What you will do:
Starting at the line that holds "finally show ?thesis ." and stopping at the line that holds "by (simp add: vec_eq_iff comp_mean_mult_vec", restate the records below word for word, with both of those lines included.

Data for this exercise:
..............................

(* sums over ordered pairs, so every edge inside C is counted twice *)
definition energy :: "'n set \<Rightarrow> real^'n \<Rightarrow> real" where
  "energy C z = (\<Sum>i\<in>C. \<Sum>j\<in>C. if E i j then (z$i - z$j)\<^sup>2 else 0)"

lemma self_in_comp: "i \<in> comp i"
  by (simp add: comp_def)

lemma comp_closed: "j \<in> comp i \<Longrightarrow> E j k \<Longrightarrow> k \<in> comp i"
  by (simp add: comp_def)

lemma comp_eq:
  assumes "j \<in> comp i"
  shows "comp j = comp i"
proof -
  have "symp E\<^sup>*\<^sup>*"
    using sym by (intro symp_rtranclp sympI)
  then show ?thesis
    using assms unfolding comp_def by (auto dest: sympD intro: rtranclp_trans)
qed

lemma card_comp_pos: "card (comp i) > 0"
  using self_in_comp[of i] by (auto simp: card_gt_0_iff)

lemma comp_mean_mult_vec:
  "(comp_mean *v z) $ i = (\<Sum>j\<in>comp i. z$j) / real (card (comp i))"
proof -
  have "(comp_mean *v z) $ i = (\<Sum>j\<in>UNIV. if j \<in> comp i then z$j / real (card (comp i)) else 0)"
    unfolding comp_mean_def matrix_vector_mult_def by simp (intro sum.cong; auto)
  then show ?thesis
    by (simp add: sum.inter_filter[symmetric] sum_divide_distrib)
qed

lemma comp_mean_const: "j \<in> comp i \<Longrightarrow> (comp_mean *v z) $ j = (comp_mean *v z) $ i"
  by (simp add: comp_mean_mult_vec comp_eq)

lemma sum_comp_const:
  assumes "\<And>j. j \<in> comp i \<Longrightarrow> z$j = c"
  shows "(\<Sum>j\<in>comp i. z$j) / real (card (comp i)) = c"
  using assms card_comp_pos[of i] by (simp add: card_gt_0_iff)

lemma sum_mult_laplacian:
  assumes closed: "\<And>i j. i \<in> C \<Longrightarrow> E i j \<Longrightarrow> j \<in> C"
  shows "2 * (\<Sum>i\<in>C. w i * (L *v z) $ i) =
    (\<Sum>i\<in>C. \<Sum>j\<in>C. if E i j then (w i - w j) * (z$i - z$j) else 0)"
proof -
  let ?f = "\<lambda>i j. if E i j then w i * (z$i - z$j) else 0"
  have "(\<Sum>i\<in>C. w i * (L *v z) $ i) = (\<Sum>i\<in>C. \<Sum>j\<in>UNIV. ?f i j)"
    by (simp add: laplacian_mult_vec sum_distrib_left if_distrib cong: if_cong)
  also have "\<dots> = (\<Sum>i\<in>C. \<Sum>j\<in>C. ?f i j)"
    using closed by (intro sum.cong refl sum.mono_neutral_right) auto
  finally have half: "(\<Sum>i\<in>C. w i * (L *v z) $ i) = (\<Sum>i\<in>C. \<Sum>j\<in>C. ?f i j)" .
  have "(\<Sum>i\<in>C. \<Sum>j\<in>C. ?f i j) = (\<Sum>i\<in>C. \<Sum>j\<in>C. ?f j i)"
    by (rule sum.swap)
  with half have "2 * (\<Sum>i\<in>C. w i * (L *v z) $ i) = (\<Sum>i\<in>C. \<Sum>j\<in>C. ?f i j + ?f j i)"
    by (simp add: sum.distrib)
  also have "\<dots> = (\<Sum>i\<in>C. \<Sum>j\<in>C. if E i j then (w i - w j) * (z$i - z$j) else 0)"
    using sym by (intro sum.cong refl) (auto simp: algebra_simps)
  finally show ?thesis .
qed

lemma sum_laplacian_closed:
  assumes "\<And>i j. i \<in> C \<Longrightarrow> E i j \<Longrightarrow> j \<in> C"
  shows "(\<Sum>i\<in>C. (L *v z) $ i) = 0"
  using sum_mult_laplacian[of C "\<lambda>_. 1" z] assms by (simp cong: if_cong)

lemma energy_closed:
  assumes "\<And>i j. i \<in> C \<Longrightarrow> E i j \<Longrightarrow> j \<in> C"
  shows "energy C z = 2 * (\<Sum>i\<in>C. z$i * (L *v z) $ i)"
  using sum_mult_laplacian[of C "($) z" z] assms
  by (simp add: energy_def power2_eq_square cong: if_cong)

lemma energy_nonneg: "energy C z \<ge> 0"
  unfolding energy_def by (intro sum_nonneg) auto

lemma laplacian_comp_mean: "L *v (comp_mean *v z) = 0"
proof -
  have "(L *v (comp_mean *v z)) $ i = 0" for i
    unfolding laplacian_mult_vec
    by (intro sum.neutral) (simp add: comp_mean_const[OF comp_closed[OF self_in_comp]])
  then show ?thesis
    by (simp add: vec_eq_iff)
qed

lemma comp_mean_laplacian: "comp_mean *v (L *v z) = 0"
  by (simp add: vec_eq_iff comp_mean_mult_vec sum_laplacian_closed comp_closed)

lemma comp_mean_idem: "comp_mean *v (comp_mean *v z) = comp_mean *v z"
proof -
  have "(comp_mean *v (comp_mean *v z)) $ i = (comp_mean *v z) $ i" for i
    by (subst comp_mean_mult_vec) (rule sum_comp_const, rule comp_mean_const)
  then show ?thesis
    by (simp add: vec_eq_iff)
qed

lemma transpose_comp_mean: "transpose comp_mean = comp_mean"
  unfolding comp_mean_def transpose_def
  by (simp add: vec_eq_iff) (metis comp_eq self_in_comp)

lemma transpose_laplacian: "transpose L = L"
  unfolding laplacian_def transpose_def
  by (simp add: vec_eq_iff) (metis sym)

lemma laplacian_kernel_const:
  assumes "L *v z = 0" and "j \<in> comp i"
  shows "z$j = z$i"
proof -
  have edge: "z$k = z$l" if "E k l" for k l
  proof -
    have "energy (comp k) z = 0"
      using energy_closed[of "comp k" z] assms(1) comp_closed by simp
    then have "\<forall>x\<in>comp k. \<forall>y\<in>comp k. (if E x y then (z$x - z$y)\<^sup>2 else 0) = 0"
      unfolding energy_def by (simp add: sum_nonneg_eq_0_iff sum_nonneg)
    then have "(z$k - z$l)\<^sup>2 = 0"
      using self_in_comp[of k] comp_closed[OF self_in_comp that] that by fastforce
    then show ?thesis
      by simp
  qed
  have "E\<^sup>*\<^sup>* i j"
    using assms(2) by (simp add: comp_def)
  then show ?thesis
    by induction (auto dest: edge)
qed

lemma invertible_laplacian_plus_comp_mean: "invertible (L + comp_mean)"
proof -
  have "z = 0" if "(L + comp_mean) *v z = 0" for z
  proof -
    have "comp_mean *v ((L + comp_mean) *v z) = 0"
      using that by simp
    then have mean_z: "comp_mean *v z = 0"
      by (simp add: algebra_simps comp_mean_laplacian comp_mean_idem)
    then have "L *v z = 0"
      using that by (simp add: algebra_simps)
    then have "(comp_mean *v z) $ i = z $ i" for i
      unfolding comp_mean_mult_vec by (intro sum_comp_const laplacian_kernel_const)
    then show ?thesis
      using mean_z by (simp add: vec_eq_iff)
  qed
  then show ?thesis
    by (simp add: invertible_left_inverse matrix_left_invertible_ker)
qed

lemma penrose_laplacian:
  obtains X where "penrose L X"
    and "\<And>x. comp_mean *v (X *v x) = 0"
    and "\<And>x. L *v (X *v x) = x - comp_mean *v x"
proof -
  let ?P = comp_mean
  obtain M where inv_left: "M ** (L + ?P) = mat 1" and inv_right: "(L + ?P) ** M = mat 1"
    using invertible_laplacian_plus_comp_mean invertible_def by blast
  have M_left: "M *v (L *v x) + M *v (?P *v x) = x" for x
    using arg_cong[OF inv_left, of "\<lambda>A. A *v x"]
    by (simp add: matrix_vector_mul_assoc[symmetric] algebra_simps)
  have M_right: "L *v (M *v x) + ?P *v (M *v x) = x" for x
    using arg_cong[OF inv_right, of "\<lambda>A. A *v x"]
    by (simp add: matrix_vector_mul_assoc[symmetric] algebra_simps)
  have MP: "M *v (?P *v x) = ?P *v x" for x
    using M_left[of "?P *v x"] by (simp add: laplacian_comp_mean comp_mean_idem)
  have PM: "?P *v (M *v x) = ?P *v x" for x
    using arg_cong[OF M_right[of x], of "(*v) ?P"]
    by (simp add: algebra_simps comp_mean_laplacian comp_mean_idem)
  define X where "X = M - ?P"
  have PX: "?P *v (X *v x) = 0" for x
    by (simp add: X_def algebra_simps PM comp_mean_idem)
  have LX: "L *v (X *v x) = x - ?P *v x" for x
    using M_right[of x] by (simp add: X_def algebra_simps PM laplacian_comp_mean)
  have XL: "X *v (L *v x) = x - ?P *v x" for x
    using M_left[of x] by (simp add: X_def algebra_simps MP comp_mean_laplacian)
  have XP: "X *v (?P *v x) = 0" for x
    by (simp add: X_def algebra_simps MP comp_mean_idem)
  have "L ** X = mat 1 - ?P" and "X ** L = mat 1 - ?P"
    unfolding matrix_eq by (simp_all add: matrix_vector_mul_assoc[symmetric] LX XL algebra_simps)
  moreover have "transpose (mat 1 - ?P) = mat 1 - ?P"
    by (simp add: transpose_diff transpose_comp_mean)
  moreover have "L ** X ** L = L" and "X ** L ** X = X"
    unfolding matrix_eq
    by (simp_all add: matrix_vector_mul_assoc[symmetric] LX XP algebra_simps comp_mean_laplacian)
  ultimately have "penrose L X"
    unfolding penrose_def by simp
  with PX LX show ?thesis
    using that by blast
qed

..............................

Answer box:
  finally show ?thesis .
qed

lemma sum_laplacian_closed:
  assumes "\<And>i j. i \<in> C \<Longrightarrow> E i j \<Longrightarrow> j \<in> C"
  shows "(\<Sum>i\<in>C. (L *v z) $ i) = 0"
  using sum_mult_laplacian[of C "\<lambda>_. 1" z] assms by (simp cong: if_cong)

lemma energy_closed:
  assumes "\<And>i j. i \<in> C \<Longrightarrow> E i j \<Longrightarrow> j \<in> C"
  shows "energy C z = 2 * (\<Sum>i\<in>C. z$i * (L *v z) $ i)"
  using sum_mult_laplacian[of C "($) z" z] assms
  by (simp add: energy_def power2_eq_square cong: if_cong)

lemma energy_nonneg: "energy C z \<ge> 0"
  unfolding energy_def by (intro sum_nonneg) auto

lemma laplacian_comp_mean: "L *v (comp_mean *v z) = 0"
proof -
  have "(L *v (comp_mean *v z)) $ i = 0" for i
    unfolding laplacian_mult_vec
    by (intro sum.neutral) (simp add: comp_mean_const[OF comp_closed[OF self_in_comp]])
  then show ?thesis
    by (simp add: vec_eq_iff)
qed

lemma comp_mean_laplacian: "comp_mean *v (L *v z) = 0"
  by (simp add: vec_eq_iff comp_mean_mult_vec sum_laplacian_closed comp_closed)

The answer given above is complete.